Now, when she was at the worst of her situation, she’d had several surgeries, infections, etc., and it was pretty dire. It would have been one thing to say, “I don’t want any more surgeries.” Had she made that decision, it would have been sad and tragic and ironic (given that the last one was the one that worked), but that would have made sense.
However, to say, “Take out the feeding tube” would *not* be a morally acceptable decision, because, while it’s a very nuanced difference, that would have been to actively kill her.
Certainly, these matters are complex. We are not, as Obama has claimed, “God’s partners in matters of life and death”–at least not in the way that he means. Indeed, we should be God’s “partners’ in these matters, if he means prayerfully deciding what action is most in keeping with moral law. But when we force God’s hand, whether it’s by contracepting, or using IVF, or by denying basic life sustenance to a seriously disabled or terminally ill person , we are not “partnering”–we’re controlling.
Recently, some friends’ former son-in-law passed away. Their grandson was faced with the troubling decision of whether to “pull the plug” on his own father. God was merciful, and his father passed away that night on the life support, anyway.
On the other hand, there was a family member who, after multiple bouts with cancer, signed a living will with a blanket refusal of life sustaining measures, which was phrased so broadly that, when the time came, she was starved to death.
And then there was a family friend who was in a horrible traffic accident like a year and a half ago. When it first happened, he was on lifesupport and not responding, and there was a big debate about “pulling the plug.” Before a decision was made, he woke up. Then they said he was completely paralyzed. Then he wasn’t. Now he’s walking again and, while not 100%, mostly back to his old life.
As I have read many stories of middle aged Marfans who coughed too hard, thus dissecting their aortas, and then went into comas for several months only to die of respiratory failure when their lungs filled up with blood, I wonder how I want such a situation handled. I don’t want to be arbitrarily denied care or taken off the machines. I don’t want to die *only* because a living will was improperly written or whatever, too vaguely.
Or my wife’s cousin, who was the center of a national Botox scandal, whose father almost “pulled the plug” when things were most dire (they brougth the family together and used the minimal communication they were able to get from her–as they do with people with “locked in” syndrome–to get her response on which family member she wanted as her representative), but she’s since recovered.

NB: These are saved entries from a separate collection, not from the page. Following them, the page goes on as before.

(* Let $\mathcal{OC}_{n,k}$ be the set of OCPs of size $n$ with order $k$. Then $$1+\sum_{n,k\ge1}|\mathcal{OC}_{n,k}|\,t^k\frac{z^n}{n!}=\sqrt{\frac{1-z+zt}{1-z-zt}}.$$
   Context: A cluster is a nonempty word of distinct positive integers. A cluster-cycle of order $k$ is a cycle $(c_1\cdots c_k)$, considered up to cyclic rotation, whose entries $c_i$ are pairwise disjoint clusters. An odd order cluster-permutation (OCP) of size $n$ is a set of cluster-cycles of odd order in which every element of $[n]$ appears exactly once in exactly one cluster. The order of an OCP is the total number of clusters in all its cluster-cycles. *)

theory Defs
  imports "HOL-Analysis.Analysis"
begin

definition cluster :: "nat list \<Rightarrow> bool" where
  "cluster c \<longleftrightarrow> c \<noteq> [] \<and> distinct c \<and> (\<forall>x\<in>set c. 0 < x)"

text \<open>A cycle considered up to cyclic rotation: the set of all rotations of a word.\<close>
definition rotations :: "'a list \<Rightarrow> 'a list set" where
  "rotations cs = {rotate i cs | i. True}"

definition cluster_cycle :: "nat list list set \<Rightarrow> bool" where
  "cluster_cycle C \<longleftrightarrow> (\<exists>cs. C = rotations cs \<and> (\<forall>c\<in>set cs. cluster c) \<and>
     (\<forall>i<length cs. \<forall>j<length cs. i \<noteq> j \<longrightarrow> set (cs ! i) \<inter> set (cs ! j) = {}))"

I’ve never been comfortable with the idea of shutting down “life support,” nor with the idea of “brain death.”
So much of it depends on the exact circumstances ,an
Should people have living wills? Yes, if only to protect themselves from the Michael Schiavos of the world.
Should people carefully consider these issues? Yes.
Should doctors or the government or the insurance be the ones to “counsel” people? No. This decision should be made with detached parties who have the expertise in the moral rules, with a thorough understanding of the medical situation and possibilities, not with those who have a vested interest in the situation.